These are chat archives for trueaccord/ScalaPB

25th
Feb 2018
Nadav Samet
@thesamet
Feb 25 00:14
@codeexplorer , it turns out that to create a dataset, we will have to generate custom Encoders, which is going to take some time, though I'd like to have it done. In the meantime, is using DataFrame sufficient for your use case?
codeexplorer
@codeexplorer
Feb 25 16:51
yes I can work with dataframe, but if I change spark.sqlContext.createDataset to spark.sqlContext.createDataFrame, I still get the exception
Nadav Samet
@thesamet
Feb 25 17:59
You should use protoToDataframe: https://scalapb.github.io/sparksql.html
codeexplorer
@codeexplorer
Feb 25 22:44
I am trying to understand how I can use protoToDataframe with structured streaming where I am reading from Kafka: structured streaming already provides a kafka dataframe where I can read the value as an array of bytes. I convert that to RDD and then use toDataFrame on that to interpret the protobuf i.e will something like this work : val ds1 = spark.readStream.format("kafka")

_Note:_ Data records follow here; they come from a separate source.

(* Let $G$ be a maximal $K_4$-minor free graph of order $n\geq 3$. Then $\gamma_{\times 2}(G)\leq \lfloor \frac{2n}{3}\rfloor$. *)

theory Defs
  imports Main
begin

definition simple_graph :: "'a set \<Rightarrow> ('a \<Rightarrow> 'a \<Rightarrow> bool) \<Rightarrow> bool" where
  "simple_graph V E \<longleftrightarrow> finite V \<and> (\<forall>x y. E x y \<longrightarrow> E y x)
     \<and> (\<forall>x. \<not> E x x) \<and> (\<forall>x y. E x y \<longrightarrow> x \<in> V \<and> y \<in> V)"

definition connected_set :: "('a \<Rightarrow> 'a \<Rightarrow> bool) \<Rightarrow> 'a set \<Rightarrow> bool" where
  "connected_set E B \<longleftrightarrow>
     (\<forall>x\<in>B. \<forall>y\<in>B. (\<lambda>u v. E u v \<and> u \<in> B \<and> v \<in> B)\<^sup>*\<^sup>* x y)"

definition has_K4_minor :: "'a set \<Rightarrow> ('a \<Rightarrow> 'a \<Rightarrow> bool) \<Rightarrow> bool" where
  "has_K4_minor V E \<longleftrightarrow> (\<exists>B :: nat \<Rightarrow> 'a set.
     (\<forall>i<4. B i \<noteq> {} \<and> B i \<subseteq> V \<and> connected_set E (B i)) \<and>
     (\<forall>i<4. \<forall>j<4. i \<noteq> j \<longrightarrow> B i \<inter> B j = {} \<and> (\<exists>x\<in>B i. \<exists>y\<in>B j. E x y)))"

definition add_edge :: "('a \<Rightarrow> 'a \<Rightarrow> bool) \<Rightarrow> 'a \<Rightarrow> 'a \<Rightarrow> ('a \<Rightarrow> 'a \<Rightarrow> bool)" where
  "add_edge E x y = (\<lambda>u v. E u v \<or> (u = x \<and> v = y) \<or> (u = y \<and> v = x))"

definition maximal_K4_minor_free :: "'a set \<Rightarrow> ('a \<Rightarrow> 'a \<Rightarrow> bool) \<Rightarrow> bool" where
  "maximal_K4_minor_free V E \<longleftrightarrow> \<not> has_K4_minor V E \<and>
     (\<forall>x\<in>V. \<forall>y\<in>V. x \<noteq> y \<and> \<not> E x y \<longrightarrow> has_K4_minor V (add_edge E x y))"

definition closed_nbhd :: "('a \<Rightarrow> 'a \<Rightarrow> bool) \<Rightarrow> 'a \<Rightarrow> 'a set" where
  "closed_nbhd E v = insert v {u. E v u}"

definition double_dominating :: "'a set \<Rightarrow> ('a \<Rightarrow> 'a \<Rightarrow> bool) \<Rightarrow> 'a set \<Rightarrow> bool" where
  "double_dominating V E S \<longleftrightarrow> S \<subseteq> V \<and> (\<forall>v\<in>V. card (S \<inter> closed_nbhd E v) \<ge> 2)"

definition double_domination_number :: "'a set \<Rightarrow> ('a \<Rightarrow> 'a \<Rightarrow> bool) \<Rightarrow> nat" where
  "double_domination_number V E = Min {card S | S. double_dominating V E S}"

end

theory Submission
  imports Defs
begin

text \<open>A maximal K4-minor-free graph on at least three vertices is a 2-tree. By Dirac's theorem
  (a nonempty graph of minimum degree at least 3 has a K4 minor) it has a vertex v of degree at
  most 2; maximality forces v to have exactly two neighbours, which are adjacent, and deleting v
  leaves a smaller maximal K4-minor-free graph. Inductively, the graph has a proper 3-colouring
  in which every vertex lies on a triangle. A triangle meets each colour class at most once, so
  the complement of a largest colour class contains two vertices of every closed neighbourhood:
  it is a double dominating set with at most 2n/3 vertices.

  Dirac's theorem holds because a K4-minor-free graph of minimum degree at least 3 always yields
  a smaller one, by contracting an edge or by contracting an edge and deleting a vertex.\<close>

definition nbhd :: "('a \<Rightarrow> 'a \<Rightarrow> bool) \<Rightarrow> 'a \<Rightarrow> 'a set" where
  "nbhd E v = {u. E v u}"

definition del_vertex :: "('a \<Rightarrow> 'a \<Rightarrow> bool) \<Rightarrow> 'a \<Rightarrow> ('a \<Rightarrow> 'a \<Rightarrow> bool)" where
  "del_vertex E v = (\<lambda>p q. E p q \<and> p \<noteq> v \<and> q \<noteq> v)"

definition contract :: "('a \<Rightarrow> 'a \<Rightarrow> bool) \<Rightarrow> 'a \<Rightarrow> 'a \<Rightarrow> ('a \<Rightarrow> 'a \<Rightarrow> bool)" where
  "contract E x y = (\<lambda>u w. (E u w \<and> u \<noteq> y \<and> w \<noteq> y) \<or> (u = x \<and> E y w \<and> w \<noteq> x)
      \<or> (w = x \<and> E y u \<and> u \<noteq> x))"

definition simplicial :: "('a \<Rightarrow> 'a \<Rightarrow> bool) \<Rightarrow> 'a \<Rightarrow> bool" where
  "simplicial E v \<longleftrightarrow> (\<forall>p q. E v p \<longrightarrow> E v q \<longrightarrow> p \<noteq> q \<longrightarrow> E p q)"

lemma in_nbhd_iff [simp]: "u \<in> nbhd E v \<longleftrightarrow> E v u"
  by (simp add: nbhd_def)

lemma simple_graph_sym: "simple_graph V E \<Longrightarrow> E x y \<Longrightarrow> E y x"
  unfolding simple_graph_def by blast

lemma simple_graph_irrefl: "simple_graph V E \<Longrightarrow> \<not> E x x"
  unfolding simple_graph_def by blast

lemma simple_graph_edgeD:
  assumes "simple_graph V E" "E x y"
  shows "x \<in> V" "y \<in> V"
  using assms unfolding simple_graph_def by blast+

lemma simple_graph_finite: "simple_graph V E \<Longrightarrow> finite V"
  unfolding simple_graph_def by blast

lemma finite_nbhd: "simple_graph V E \<Longrightarrow> finite (nbhd E v)"
  by (metis finite_subset in_nbhd_iff simple_graph_edgeD(2) simple_graph_finite subsetI)

lemma simple_graph_del_vertex: "simple_graph V E \<Longrightarrow> simple_graph (V - {v}) (del_vertex E v)"
  unfolding simple_graph_def del_vertex_def by blast

lemma simple_graph_contract:
  "simple_graph V E \<Longrightarrow> E x y \<Longrightarrow> simple_graph (V - {y}) (contract E x y)"
  unfolding simple_graph_def contract_def by blast
(* Let $0<c<1$, $\beta_1,\dots,\beta_p>0$ with $\beta_i-\beta_j\notin\mathbb Z$ ($i\ne j$), $\vec n\in\mathbb N_0^p$. Let $\mathcal C$ be a positively oriented (counterclockwise) Hankel-type contour that starts and ends at $-\infty$ and encircles the half-line $(-\infty,0]$ exactly once. Then for $x\in\mathbb N_0$ $$M^{(\mathrm{II})}_{2:\vec n}(x;\vec\beta,c)=\Big(\frac{c}{c-1}\Big)^{|\vec n|}\frac{\Gamma(x+1)}{c^x}\int_{\mathcal C}\frac{\Gamma(s)}{(1-c)^s}\frac{\prod_{j=1}^p(\beta_j-s)_{n_j}}{\Gamma(x+s+1)}\frac{ds}{2\pi i}.$$
   Context: Weights $w_i(x)=\frac{\Gamma(\beta_i+x)}{\Gamma(\beta_i)\Gamma(x+1)}c^x$ on $\mathbb N_0$. $M^{(\mathrm{II})}_{2:\vec n}$ is the monic polynomial of degree $|\vec n|$ with $\sum_{k\ge0}k^jM^{(\mathrm{II})}_{2:\vec n}(k)w_i(k)=0$ for $0\le j\le n_i-1$, $1\le i\le p$. $(a)_m$ is the Pochhammer symbol. *)

theory Defs
  imports "HOL-Complex_Analysis.Complex_Analysis" "HOL-Computational_Algebra.Polynomial"
begin

definition meixner2_weight :: "real \<Rightarrow> real \<Rightarrow> nat \<Rightarrow> real" where
  "meixner2_weight b c k = Gamma (b + real k) / (Gamma b * Gamma (real k + 1)) * c ^ k"

definition is_meixner2_typeII ::
    "nat \<Rightarrow> (nat \<Rightarrow> real) \<Rightarrow> real \<Rightarrow> (nat \<Rightarrow> nat) \<Rightarrow> real poly \<Rightarrow> bool" where
  "is_meixner2_typeII p \<beta> c n P \<longleftrightarrow>
     degree P = (\<Sum>i<p. n i) \<and> lead_coeff P = 1 \<and>
     (\<forall>i<p. \<forall>j<n i.
        (\<lambda>k. real k ^ j * poly P (real k) * meixner2_weight (\<beta> i) c k) sums 0)"

definition hankel_piece :: "(real \<Rightarrow> complex) \<Rightarrow> real \<Rightarrow> real \<Rightarrow> complex" where
  "hankel_piece \<gamma> T = (\<lambda>u. \<gamma> ((2 * u - 1) * T))"
(* Let $\mathbf{F}=(f_{ij})$ be an $n\times n$ nonnegative matrix, $\vec z=(z_1,\dots,z_n)^{\mathrm T}$ a nonnegative column vector and $\vec y=(y_1,\dots,y_n)$ a nonnegative row vector. Define $T^{\mathrm{in}}_i=\sum_{j} f_{ij}+z_i$ and $T^{\mathrm{out}}_j=\sum_{i} f_{ij}+y_j$, assume all are positive, and assume steady state: $T^{\mathrm{in}}_\ell=T^{\mathrm{out}}_\ell$ for all $\ell$. Let $\mathbf G=(g_{ij})$ with $g_{ij}=f_{ij}/T^{\mathrm{out}}_j$ and $\mathbf G'=(g'_{ij})$ with $g'_{ij}=f_{ij}/T^{\mathrm{in}}_i$. Then for each integer $m\ge0$, $$\sum_{i=1}^n(\mathbf G^m\vec z)_i=\sum_{i=1}^n(\vec y\mathbf G'^m)_i.$$
   Context: $f_{ij}$ is the flow from node $j$ to node $i$, $z_i$ the boundary input to node $i$, $y_j$ the boundary output from node $j$. $\mathbf G^0=\mathbf G'^0$ is the identity matrix. *)

theory Defs
  imports "HOL-Analysis.Analysis"
begin

primrec matpow :: "'a::semiring_1^'n^'n \<Rightarrow> nat \<Rightarrow> 'a^'n^'n" where
  "matpow A 0 = mat 1"
| "matpow A (Suc m) = A ** matpow A m"

end

theory Submission
  imports Defs
begin

text \<open>With \<open>T = diag(Tout) = diag(Tin)\<close> the two normalisations satisfy \<open>G T = F = T G'\<close>,
  hence \<open>G\<^sup>k T = T G'\<^sup>k\<close>, so the total of \<open>G\<^sup>k t\<close> equals the total of \<open>t G'\<^sup>k\<close> for the
  throughflow vector \<open>t = T 1\<close>. Steady state gives \<open>z = t - G t\<close> and \<open>y = t - t G'\<close>,
  and the claim follows by subtracting the identity for \<open>k = m + 1\<close> from the one for \<open>k = m\<close>.\<close>

definition diag_mat :: "('n \<Rightarrow> 'a::zero) \<Rightarrow> 'a^'n^'n" where
  "diag_mat d = (\<chi> i j. if i = j then d i else 0)"

lemma diag_mat_mult_one:
  fixes d :: "'n::finite \<Rightarrow> 'a::semiring_1"
  shows "diag_mat d *v 1 = (\<chi> i. d i)"
  by (simp add: vec_eq_iff diag_mat_def matrix_vector_mult_def if_distrib if_distribR cong: if_cong)

lemma one_mult_diag_mat:
  fixes d :: "'n::finite \<Rightarrow> 'a::semiring_1"
  shows "1 v* diag_mat d = (\<chi> i. d i)"
  by (simp add: vec_eq_iff diag_mat_def vector_matrix_mult_def if_distrib if_distribR cong: if_cong)

lemma column_scaled_mult_diag_mat:
  fixes F :: "'a::field^'n^'n"
  assumes "\<And>j. d j \<noteq> 0"
  shows "(\<chi> i j. F $ i $ j / d j) ** diag_mat d = F"
  using assms
  by (simp add: vec_eq_iff diag_mat_def matrix_matrix_mult_def if_distrib if_distribR cong: if_cong)

lemma diag_mat_mult_row_scaled:
  fixes F :: "'a::field^'n^'n"
  assumes "\<And>i. d i \<noteq> 0"
  shows "diag_mat d ** (\<chi> i j. F $ i $ j / d i) = F"
  using assms
  by (simp add: vec_eq_iff diag_mat_def matrix_matrix_mult_def if_distrib if_distribR cong: if_cong)

lemma matpow_Suc_right: "matpow A (Suc m) = matpow A m ** A"
  by (induction m) (simp_all add: matrix_mul_assoc)

lemma matpow_intertwine:
  assumes "A ** B = B ** C"
  shows "matpow A k ** B = B ** matpow C k"
proof (induction k)
  case (Suc k)
  have "matpow A (Suc k) ** B = A ** (B ** matpow C k)"
    by (simp add: matrix_mul_assoc flip: Suc)
  also have "\<dots> = B ** matpow C (Suc k)"
    by (simp add: assms matrix_mul_assoc flip: matrix_mul_assoc[of A B] matpow_Suc_right)
  finally show ?case .
qed simp

lemma sum_matrix_vector_mult:
  fixes A :: "'a::comm_semiring_1^'n^'n"
  shows "(\<Sum>i\<in>UNIV. (A *v x) $ i) = (\<Sum>j\<in>UNIV. (1 v* A) $ j * x $ j)"
  unfolding matrix_vector_mult_def vector_matrix_mult_def
  by (simp add: sum_distrib_right) (rule sum.swap)

lemma sum_matpow_diag_mat_intertwine:
  fixes A B :: "'a::comm_semiring_1^'n^'n"
  assumes "A ** diag_mat d = diag_mat d ** B"
  shows "(\<Sum>i\<in>UNIV. (matpow A k *v (\<chi> i. d i)) $ i) = (\<Sum>i\<in>UNIV. ((\<chi> i. d i) v* matpow B k) $ i)"
proof -
  have "matpow A k *v (\<chi> i. d i) = (diag_mat d ** matpow B k) *v 1"
    by (simp add: matrix_vector_mul_assoc matpow_intertwine[OF assms] flip: diag_mat_mult_one)
  moreover have "1 v* (diag_mat d ** matpow B k) = (\<chi> i. d i) v* matpow B k"
    by (simp add: vector_matrix_mul_assoc flip: one_mult_diag_mat)
  ultimately show ?thesis
    by (simp add: sum_matrix_vector_mult)
qed

theorem lemma2:
  fixes F :: "real^'n^'n" and z :: "real^'n" and y :: "real^'n"
    and Tin Tout :: "'n \<Rightarrow> real" and G G' :: "real^'n^'n" and m :: nat
  assumes F_nonneg: "\<And>i j. F $ i $ j \<ge> 0"
    and z_nonneg: "\<And>i. z $ i \<ge> 0"
    and y_nonneg: "\<And>j. y $ j \<ge> 0"
    and Tin_def: "\<And>i. Tin i = (\<Sum>j\<in>UNIV. F $ i $ j) + z $ i"
    and Tout_def: "\<And>j. Tout j = (\<Sum>i\<in>UNIV. F $ i $ j) + y $ j"
    and Tin_pos: "\<And>i. Tin i > 0"
    and Tout_pos: "\<And>j. Tout j > 0"
    and steady: "\<And>l. Tin l = Tout l"
    and G_def: "G = (\<chi> i j. F $ i $ j / Tout j)"
    and G'_def: "G' = (\<chi> i j. F $ i $ j / Tin i)"
  shows "(\<Sum>i\<in>UNIV. (matpow G m *v z) $ i) = (\<Sum>i\<in>UNIV. (y v* matpow G' m) $ i)"
proof -
  define t where "t = (\<chi> i. Tout i)"
  have Tout_nz: "\<And>j. Tout j \<noteq> 0" and Tin_eq: "Tin = Tout"
    using Tout_pos steady by (auto simp: order.strict_iff_order)
  have G_diag: "G ** diag_mat Tout = F" and diag_G': "diag_mat Tout ** G' = F"
    unfolding G_def G'_def Tin_eq using Tout_nz
    by (simp_all add: column_scaled_mult_diag_mat diag_mat_mult_row_scaled)
  have "G *v t = F *v 1"
    by (simp add: t_def matrix_vector_mul_assoc G_diag flip: diag_mat_mult_one)
  then have z_eq: "z = t - G *v t"
    by (simp add: vec_eq_iff t_def matrix_vector_mult_def Tin_def flip: Tin_eq)
  have "t v* G' = 1 v* F"
    by (simp add: t_def vector_matrix_mul_assoc diag_G' flip: one_mult_diag_mat)
  then have y_eq: "y = t - t v* G'"
    by (simp add: vec_eq_iff t_def vector_matrix_mult_def Tout_def)
  have totals: "(\<Sum>i\<in>UNIV. (matpow G k *v t) $ i) = (\<Sum>i\<in>UNIV. (t v* matpow G' k) $ i)" for k
    unfolding t_def by (rule sum_matpow_diag_mat_intertwine) (simp add: G_diag diag_G')
  have "matpow G m *v z = matpow G m *v t - matpow G (Suc m) *v t"
    by (simp add: z_eq matrix_vector_mult_diff_distrib matrix_vector_mul_assoc matpow_Suc_right
        del: matpow.simps(2))
  moreover have "y v* matpow G' m = t v* matpow G' m - t v* matpow G' (Suc m)"
    by (simp add: y_eq vector_matrix_mult_diff_distrib vector_matrix_mul_assoc)
  ultimately show ?thesis
    by (simp add: sum_subtractf totals del: matpow.simps(2))
qed

end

.option("kafka.bootstrap.servers", kafkaBrokers.get)
.option("subscribe", kafkaTopic.get)
.option("startingOffsets", "latest")
.load()
codeexplorer
@codeexplorer
Feb 25 23:37
The issue is will spark be able to convert the RDD[Array[bytes]} to RDD[case class xxx] where case class contains enums ? by doing a rdd2=rdd1.map(el => xxx(el))